Check each line of the listing, and copy it if it contains the word "assms".

[[ Records for the exercise, beginning ]]

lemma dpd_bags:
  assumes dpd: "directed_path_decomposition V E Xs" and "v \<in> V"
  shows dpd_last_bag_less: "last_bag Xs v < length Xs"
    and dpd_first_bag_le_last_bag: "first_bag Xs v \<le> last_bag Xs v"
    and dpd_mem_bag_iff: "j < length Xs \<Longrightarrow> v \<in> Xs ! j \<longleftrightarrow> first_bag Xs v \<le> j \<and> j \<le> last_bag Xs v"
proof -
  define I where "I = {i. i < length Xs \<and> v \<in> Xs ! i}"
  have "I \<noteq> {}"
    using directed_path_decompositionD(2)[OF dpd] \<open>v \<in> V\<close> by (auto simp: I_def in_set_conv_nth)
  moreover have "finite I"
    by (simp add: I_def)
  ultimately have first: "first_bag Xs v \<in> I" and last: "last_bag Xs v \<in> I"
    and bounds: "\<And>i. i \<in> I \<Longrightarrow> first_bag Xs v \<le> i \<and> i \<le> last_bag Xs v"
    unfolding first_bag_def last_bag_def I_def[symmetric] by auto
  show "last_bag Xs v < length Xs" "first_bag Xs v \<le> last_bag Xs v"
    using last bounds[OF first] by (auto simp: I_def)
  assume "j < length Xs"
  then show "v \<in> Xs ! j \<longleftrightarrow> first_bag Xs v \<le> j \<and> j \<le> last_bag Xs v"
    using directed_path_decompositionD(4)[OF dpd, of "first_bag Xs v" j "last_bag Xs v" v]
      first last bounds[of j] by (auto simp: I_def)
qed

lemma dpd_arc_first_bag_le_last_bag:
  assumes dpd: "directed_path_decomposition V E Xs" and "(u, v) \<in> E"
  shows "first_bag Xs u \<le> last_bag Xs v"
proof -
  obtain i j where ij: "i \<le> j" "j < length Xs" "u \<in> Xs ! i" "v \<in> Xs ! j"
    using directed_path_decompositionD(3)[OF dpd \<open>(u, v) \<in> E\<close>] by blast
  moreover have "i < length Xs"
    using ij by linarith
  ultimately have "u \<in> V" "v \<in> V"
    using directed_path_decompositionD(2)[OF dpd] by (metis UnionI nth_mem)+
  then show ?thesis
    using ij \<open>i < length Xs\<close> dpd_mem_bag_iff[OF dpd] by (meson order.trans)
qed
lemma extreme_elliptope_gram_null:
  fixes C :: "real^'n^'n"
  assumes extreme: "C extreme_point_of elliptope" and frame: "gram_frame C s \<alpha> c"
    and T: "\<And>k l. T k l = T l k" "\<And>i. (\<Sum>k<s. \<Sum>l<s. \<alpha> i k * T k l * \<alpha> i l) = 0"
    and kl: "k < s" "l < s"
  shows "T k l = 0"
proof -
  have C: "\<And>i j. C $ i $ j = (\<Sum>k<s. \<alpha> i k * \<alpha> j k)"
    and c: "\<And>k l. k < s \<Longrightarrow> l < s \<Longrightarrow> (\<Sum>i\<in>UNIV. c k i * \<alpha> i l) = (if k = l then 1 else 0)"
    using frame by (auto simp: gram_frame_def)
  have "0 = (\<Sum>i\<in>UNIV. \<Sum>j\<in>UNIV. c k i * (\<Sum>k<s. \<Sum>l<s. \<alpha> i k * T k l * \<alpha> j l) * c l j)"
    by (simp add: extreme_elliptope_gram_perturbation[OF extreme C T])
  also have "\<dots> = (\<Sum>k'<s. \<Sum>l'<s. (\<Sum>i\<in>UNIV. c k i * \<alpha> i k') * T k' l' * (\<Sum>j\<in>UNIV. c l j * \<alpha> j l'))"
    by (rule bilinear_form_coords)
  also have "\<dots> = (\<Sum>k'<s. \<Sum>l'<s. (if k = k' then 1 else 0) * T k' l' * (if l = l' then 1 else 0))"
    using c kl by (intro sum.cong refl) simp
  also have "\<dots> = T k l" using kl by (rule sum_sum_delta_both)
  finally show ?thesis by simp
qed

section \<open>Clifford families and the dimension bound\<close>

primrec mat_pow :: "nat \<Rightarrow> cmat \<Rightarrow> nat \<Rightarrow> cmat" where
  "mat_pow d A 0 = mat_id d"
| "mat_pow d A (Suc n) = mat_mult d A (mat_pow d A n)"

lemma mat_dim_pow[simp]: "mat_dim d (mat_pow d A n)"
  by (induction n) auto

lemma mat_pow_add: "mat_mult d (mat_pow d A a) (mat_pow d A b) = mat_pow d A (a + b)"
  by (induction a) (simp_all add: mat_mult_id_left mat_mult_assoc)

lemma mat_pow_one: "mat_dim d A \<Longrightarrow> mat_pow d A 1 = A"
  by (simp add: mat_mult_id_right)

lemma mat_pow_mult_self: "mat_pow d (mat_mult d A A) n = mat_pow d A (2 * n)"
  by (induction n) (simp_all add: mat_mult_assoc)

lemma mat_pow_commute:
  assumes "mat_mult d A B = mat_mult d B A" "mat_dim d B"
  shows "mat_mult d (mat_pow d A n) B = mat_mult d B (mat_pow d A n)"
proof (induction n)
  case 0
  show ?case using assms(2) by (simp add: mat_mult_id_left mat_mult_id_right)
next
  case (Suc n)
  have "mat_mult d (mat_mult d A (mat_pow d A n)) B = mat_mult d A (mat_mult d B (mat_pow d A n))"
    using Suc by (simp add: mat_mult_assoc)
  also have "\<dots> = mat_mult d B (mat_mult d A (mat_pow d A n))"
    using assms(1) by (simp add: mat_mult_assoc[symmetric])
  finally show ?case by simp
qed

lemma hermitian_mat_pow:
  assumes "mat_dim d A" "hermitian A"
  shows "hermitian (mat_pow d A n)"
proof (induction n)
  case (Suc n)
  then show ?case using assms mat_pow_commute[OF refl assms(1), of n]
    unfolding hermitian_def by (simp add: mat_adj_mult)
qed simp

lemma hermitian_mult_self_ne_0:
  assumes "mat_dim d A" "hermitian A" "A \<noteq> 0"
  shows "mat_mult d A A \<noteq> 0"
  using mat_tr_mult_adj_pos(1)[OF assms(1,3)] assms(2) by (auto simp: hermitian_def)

[[ Records for the exercise, end ]]

### Output for this task
  show ?case using assms(2) by (simp add: mat_mult_id_left mat_mult_id_right)
    using assms(1) by (simp add: mat_mult_assoc[symmetric])
  then show ?case using assms mat_pow_commute[OF refl assms(1), of n]
  using mat_tr_mult_adj_pos(1)[OF assms(1,3)] assms(2) by (auto simp: hermitian_def)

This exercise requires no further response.